* [Problem to solve]
Below are the records. How many of their lines contain "then"? Give only the number.

* [Working data]
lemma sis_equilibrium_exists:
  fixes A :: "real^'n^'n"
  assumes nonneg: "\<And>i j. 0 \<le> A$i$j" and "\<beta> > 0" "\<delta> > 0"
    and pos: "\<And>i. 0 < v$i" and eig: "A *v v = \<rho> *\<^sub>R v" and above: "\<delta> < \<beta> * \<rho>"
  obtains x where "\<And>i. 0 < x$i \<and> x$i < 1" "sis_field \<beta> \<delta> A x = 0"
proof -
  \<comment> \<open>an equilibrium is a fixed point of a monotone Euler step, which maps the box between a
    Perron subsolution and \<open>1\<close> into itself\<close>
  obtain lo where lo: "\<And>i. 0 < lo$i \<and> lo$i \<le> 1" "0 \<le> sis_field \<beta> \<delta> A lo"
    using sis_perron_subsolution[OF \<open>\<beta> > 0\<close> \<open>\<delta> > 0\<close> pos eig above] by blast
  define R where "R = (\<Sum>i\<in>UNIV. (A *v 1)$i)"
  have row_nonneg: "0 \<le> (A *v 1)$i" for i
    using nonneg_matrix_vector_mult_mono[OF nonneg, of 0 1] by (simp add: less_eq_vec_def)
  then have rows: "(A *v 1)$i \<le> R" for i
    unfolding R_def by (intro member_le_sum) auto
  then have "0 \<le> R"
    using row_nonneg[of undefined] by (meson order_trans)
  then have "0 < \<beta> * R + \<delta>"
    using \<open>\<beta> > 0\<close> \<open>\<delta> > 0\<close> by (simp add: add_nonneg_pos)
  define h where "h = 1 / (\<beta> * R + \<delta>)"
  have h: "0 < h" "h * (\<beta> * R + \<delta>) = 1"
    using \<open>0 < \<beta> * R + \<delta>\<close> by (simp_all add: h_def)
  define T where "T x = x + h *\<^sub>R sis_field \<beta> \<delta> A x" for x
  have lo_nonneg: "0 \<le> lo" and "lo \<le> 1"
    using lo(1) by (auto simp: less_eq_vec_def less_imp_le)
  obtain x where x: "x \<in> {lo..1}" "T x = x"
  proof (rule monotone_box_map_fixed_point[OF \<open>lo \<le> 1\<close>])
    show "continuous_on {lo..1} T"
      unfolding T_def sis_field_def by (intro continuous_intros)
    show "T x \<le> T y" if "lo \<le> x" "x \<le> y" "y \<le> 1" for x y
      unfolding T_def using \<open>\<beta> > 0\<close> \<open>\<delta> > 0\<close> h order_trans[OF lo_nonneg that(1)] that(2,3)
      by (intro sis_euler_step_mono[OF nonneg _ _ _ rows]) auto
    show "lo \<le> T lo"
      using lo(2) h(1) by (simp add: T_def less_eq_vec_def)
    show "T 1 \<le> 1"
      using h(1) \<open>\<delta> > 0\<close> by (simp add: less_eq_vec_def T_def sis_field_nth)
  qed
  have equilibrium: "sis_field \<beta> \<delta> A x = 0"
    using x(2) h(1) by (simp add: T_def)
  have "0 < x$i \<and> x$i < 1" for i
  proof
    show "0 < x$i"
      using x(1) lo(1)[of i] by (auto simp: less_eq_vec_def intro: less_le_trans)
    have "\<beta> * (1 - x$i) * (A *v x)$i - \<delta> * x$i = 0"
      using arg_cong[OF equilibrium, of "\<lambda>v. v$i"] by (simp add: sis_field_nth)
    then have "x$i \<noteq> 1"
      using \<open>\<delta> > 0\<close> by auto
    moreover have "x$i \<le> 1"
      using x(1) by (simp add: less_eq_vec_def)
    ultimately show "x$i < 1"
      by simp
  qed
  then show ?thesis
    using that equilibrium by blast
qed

* * *

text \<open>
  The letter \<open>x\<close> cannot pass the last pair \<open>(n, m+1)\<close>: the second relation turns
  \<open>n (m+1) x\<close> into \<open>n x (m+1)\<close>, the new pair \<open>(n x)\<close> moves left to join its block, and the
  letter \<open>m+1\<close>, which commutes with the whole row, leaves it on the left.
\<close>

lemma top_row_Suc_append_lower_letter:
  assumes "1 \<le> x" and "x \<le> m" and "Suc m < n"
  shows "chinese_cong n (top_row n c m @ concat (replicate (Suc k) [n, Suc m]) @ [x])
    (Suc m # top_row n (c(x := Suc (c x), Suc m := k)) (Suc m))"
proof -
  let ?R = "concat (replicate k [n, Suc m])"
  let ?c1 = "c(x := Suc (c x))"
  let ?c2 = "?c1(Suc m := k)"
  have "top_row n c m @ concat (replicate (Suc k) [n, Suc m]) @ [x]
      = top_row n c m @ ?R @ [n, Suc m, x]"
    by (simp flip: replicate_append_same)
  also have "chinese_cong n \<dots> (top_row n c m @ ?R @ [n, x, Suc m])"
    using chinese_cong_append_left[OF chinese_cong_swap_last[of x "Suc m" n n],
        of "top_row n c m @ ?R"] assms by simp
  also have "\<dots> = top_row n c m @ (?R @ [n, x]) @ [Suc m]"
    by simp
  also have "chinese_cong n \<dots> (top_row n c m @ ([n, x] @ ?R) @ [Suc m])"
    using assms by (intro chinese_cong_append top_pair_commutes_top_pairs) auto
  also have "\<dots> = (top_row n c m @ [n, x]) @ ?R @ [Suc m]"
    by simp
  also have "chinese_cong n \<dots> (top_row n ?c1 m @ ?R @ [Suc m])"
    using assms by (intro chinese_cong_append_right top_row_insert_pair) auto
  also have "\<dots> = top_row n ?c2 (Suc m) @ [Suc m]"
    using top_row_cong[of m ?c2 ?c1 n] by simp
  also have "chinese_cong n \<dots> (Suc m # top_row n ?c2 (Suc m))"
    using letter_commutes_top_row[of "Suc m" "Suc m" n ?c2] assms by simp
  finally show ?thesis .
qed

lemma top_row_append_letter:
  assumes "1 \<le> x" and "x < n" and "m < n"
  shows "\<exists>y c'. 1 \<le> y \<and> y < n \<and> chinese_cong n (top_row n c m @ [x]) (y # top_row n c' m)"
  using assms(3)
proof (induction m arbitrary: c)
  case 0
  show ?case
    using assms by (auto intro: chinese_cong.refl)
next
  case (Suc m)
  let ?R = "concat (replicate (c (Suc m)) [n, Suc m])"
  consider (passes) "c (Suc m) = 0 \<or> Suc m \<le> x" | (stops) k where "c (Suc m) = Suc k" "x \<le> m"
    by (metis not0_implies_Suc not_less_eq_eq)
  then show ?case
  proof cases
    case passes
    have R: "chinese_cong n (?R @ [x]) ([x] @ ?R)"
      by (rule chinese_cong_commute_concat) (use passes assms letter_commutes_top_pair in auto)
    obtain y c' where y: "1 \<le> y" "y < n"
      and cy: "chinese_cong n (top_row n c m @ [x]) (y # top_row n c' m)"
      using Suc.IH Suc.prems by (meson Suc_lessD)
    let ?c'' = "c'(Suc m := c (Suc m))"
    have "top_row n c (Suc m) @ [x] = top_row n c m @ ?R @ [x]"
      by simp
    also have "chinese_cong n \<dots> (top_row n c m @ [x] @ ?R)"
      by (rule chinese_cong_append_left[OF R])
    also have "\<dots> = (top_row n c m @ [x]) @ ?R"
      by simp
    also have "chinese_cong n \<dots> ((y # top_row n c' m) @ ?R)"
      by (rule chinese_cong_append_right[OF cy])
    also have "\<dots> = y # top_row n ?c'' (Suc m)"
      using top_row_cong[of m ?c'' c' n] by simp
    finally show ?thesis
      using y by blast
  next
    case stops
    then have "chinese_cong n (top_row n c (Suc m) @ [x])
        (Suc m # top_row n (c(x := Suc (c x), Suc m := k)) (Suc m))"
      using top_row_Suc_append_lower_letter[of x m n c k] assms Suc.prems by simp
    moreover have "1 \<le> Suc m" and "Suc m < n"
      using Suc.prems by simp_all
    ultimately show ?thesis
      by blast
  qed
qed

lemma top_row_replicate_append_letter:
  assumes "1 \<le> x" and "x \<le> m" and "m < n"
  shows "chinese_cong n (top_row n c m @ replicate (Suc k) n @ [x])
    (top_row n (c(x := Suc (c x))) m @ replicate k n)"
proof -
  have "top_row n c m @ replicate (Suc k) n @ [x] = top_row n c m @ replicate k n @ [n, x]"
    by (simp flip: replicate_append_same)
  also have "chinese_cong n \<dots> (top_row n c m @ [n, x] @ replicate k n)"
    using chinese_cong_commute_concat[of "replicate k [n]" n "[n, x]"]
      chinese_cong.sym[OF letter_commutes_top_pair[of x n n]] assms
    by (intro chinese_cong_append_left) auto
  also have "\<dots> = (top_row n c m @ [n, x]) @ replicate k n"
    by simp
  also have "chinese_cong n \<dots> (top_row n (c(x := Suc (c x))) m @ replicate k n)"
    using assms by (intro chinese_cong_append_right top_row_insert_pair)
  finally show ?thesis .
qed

* [Solved exercise]
7